This is a subject as broad or broader than any other in ROM hacking and is basically half of ROM hacking (the other half being how do I interpret data I have found).
First the PS2 much like most other consoles that use a CD/DVD for game storage uses a filesystem and probably does not have the thing mapped to memory. This changes things a bit and makes some things easier and some things harder. For the record the PS2 is a mix between standard iso 9660 (open with any iso editor) and raw DMA (will have to fish it out with a hex editor give or take a few area specific tools) depending upon the game but more on that as things go on.
The king of the hill is a method called tracing, it is flawless but as it necessitates messing around with assembly it has a higher barrier to entry than most other methods though not as much as you might think (indeed I reckon it could be done without knowing a single assembly instruction, it is better if you do but not necessary for a lot of it). For this you need a proper hacker emulator (not quite sure what the PS2 stuff is up to these days) and you start by finding the data in memory (viewing it in hex, cheats, tile viewers or plain seeing it in the game and working back from there giving you the first "ah there it is in memory"). When discussing the GBA I usually link http://www.romhacking.net/documents/361/
and it is much the same for every console (see it in memory, reset the game and set a breakpoint for something to write to that memory area, the emulator will stop things when that happens and assuming it is the data you want you follow it backwards, typically it is only one (normal cases) or two (when compression/manipulation is necessary to deal with) steps.
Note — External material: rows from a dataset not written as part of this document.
(* Let $\alpha>0$, $\beta\geq0$, $q\in(0,\pi/2)$, and $m\geq 0$, and let $\{(u_n,v_n)\}\subset\mathcal{X}^0_{q,m}$ satisfy $E(u_n,v_n)\to E_{\min}(q,m)$ as $n\to\infty$. Write $u_n=\rho_ne^{i\theta_n}$. Then there exists $\delta>0$, independent of $n$, such that $\|\rho_n'\|_2>\delta$ for all sufficiently large $n$. In addition, if $m>0$, then $\|v_n\|_4>\delta$ for all sufficiently large $n$.
   Context: $\|\cdot\|_r$ denotes the $L^r(\mathbb{R})$ norm. $\mathcal{E}(\mathbb{R})=\{u\in H^1_{\mathrm{loc}}(\mathbb{R};\mathbb{C}): u'\in L^2,\ 1-|u|^2\in L^2(\mathbb{R})\}$, $\mathcal{NE}(\mathbb{R})=\{u\in\mathcal{E}(\mathbb{R}):|u|>0\}$; each $u\in\mathcal{NE}(\mathbb{R})$ has a lifting $u=\rho e^{i\theta}$, $\rho=|u|$, $\theta\in H^1_{\mathrm{loc}}$ real, $\theta'\in L^2$. Let $G(s)=s(2-s)$, $p(u)=\frac12\int_{\mathbb{R}}G(|1-\rho|)\theta'\,dx$. Let $\mathcal{X}=\{(u,v)\in\mathcal{NE}(\mathbb{R})\times H^1(\mathbb{R}):|u|<2\}$ ($v$ real-valued), $\mathcal{X}_{q,m}=\{(u,v)\in\mathcal{X}:p(u)=q,\ \|v\|_{2}^2=m\}$, and $\mathcal{X}^0_{q,m}$ the set of $(\rho e^{i\theta},v)\in\mathcal{X}_{q,m}$ such that $1-\rho$, $\theta'$ and $v$ are even, nonnegative, radially nonincreasing functions in $C_0^\infty(\mathbb{R})$. The energy is $E(u,v)=\int_{\mathbb{R}}\big(\tfrac12|u'|^2+\tfrac12(v')^2+\tfrac14(1-|u|^2)^2+\tfrac{\beta}{4}v^4-\tfrac{\alpha}{2}(1-|u|^2)v^2\big)dx$ and $E_{\min}(q,m)=\inf\{E(u,v):(u,v)\in\mathcal{X}_{q,m}\}$. *)

theory Defs
  imports "HOL-Analysis.Analysis"
begin

definition L2 :: "(real \<Rightarrow> 'a::{banach,second_countable_topology}) \<Rightarrow> bool" where
  "L2 f \<longleftrightarrow> f \<in> borel_measurable lborel \<and> integrable lborel (\<lambda>x. (norm (f x))^2)"

definition L2norm :: "(real \<Rightarrow> 'a::{banach,second_countable_topology}) \<Rightarrow> real" where
  "L2norm f = sqrt (LINT x|lborel. (norm (f x))^2)"

definition L4norm :: "(real \<Rightarrow> real) \<Rightarrow> real" where
  "L4norm f = (LINT x|lborel. (f x)^4) powr (1/4)"
(* For every $s \in \mathcal{S}$, $r(s) \equiv s(0) \pmod 2$.
   Context: For a step function $s$ on $[0,\tfrac12)$ let $J_s(t)=\tfrac12(\lim_{\tau\downarrow t}s(\tau)-\lim_{\tau\uparrow t}s(\tau))$. A Laurent polynomial $\delta\in\mathbf{Q}[t,t^{-1}]$ is symmetric if $\delta(t^{-1})=\delta(t)$. $\mathcal{S}$ is the set of integer-valued step functions $s$ on $[0,\tfrac12)$ such that: (1) $s$ has finitely many discontinuities and is continuous at $0$; (2) for all $t$, $s(t)=\tfrac12(\lim_{\tau\downarrow t}s(\tau)+\lim_{\tau\uparrow t}s(\tau))$; (3) $J_s(t)\in\mathbf{Z}$ for all $t$; (4) if $J_s(t)\neq0$ then $e^{2\pi i t}$ is a root of an irreducible symmetric rational polynomial; (5) if $\delta(e^{2\pi i\alpha_1})=\delta(e^{2\pi i\alpha_2})=0$ for some symmetric irreducible rational polynomial $\delta$, then $J_s(\alpha_1)\equiv J_s(\alpha_2)\pmod 2$. For $s\in\mathcal{S}$: $T_s=\{t: J_s(t)\neq0\}$; $T_{s,\delta}=\{t\in T_s:\delta(e^{2\pi i t})=0\}$; $r_\delta(s)=\max_{t\in T_{s,\delta}}|s(t)|+\max_{t\in T_{s,\delta}}|J_s(t)|$ (for $T_{s,\delta}\ne\emptyset$); $r(s)=\max\big(\{r_\delta(s)\}_\delta\cup\{s(0)\}\big)$. *)

theory Defs
  imports Complex_Main "HOL-Computational_Algebra.Polynomial" "HOL-Computational_Algebra.Factorial_Ring"
begin

text \<open>Step functions are modelled as s :: real => int; only the values on [0,1/2) matter.\<close>

definition step_fun :: "(real \<Rightarrow> int) \<Rightarrow> bool" where
  "step_fun s \<longleftrightarrow> (\<exists>D. finite D \<and> D \<subseteq> {0<..<1/2} \<and>
     (\<forall>t\<in>{0..<1/2} - D. \<exists>e>0. \<forall>\<tau>\<in>{0..<1/2}. \<bar>\<tau> - t\<bar> < e \<longrightarrow> s \<tau> = s t))"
This is where the "standard iso 9660 and raw DMA" stuff comes back in as on the GBA (and the SNES and the NES and everything else a lot of the RHDN userbase plays with more commonly) the ROM is in memory and handled accordingly. The NES has things like mappers to contend with but it is still there, the playstation (and other CD/DVD based consoles or indeed more modern consoles like the DS) will not have this and instead have a function (both in the game and more generally in terms of hardware) to read from it; you get to decode this function read and/or hardware call to the game storage section.
Next comes everything else. Where tracing was flawless everything else with the possible exception of corruption if you work at it long enough has huge pitfalls.Filesystem stuff.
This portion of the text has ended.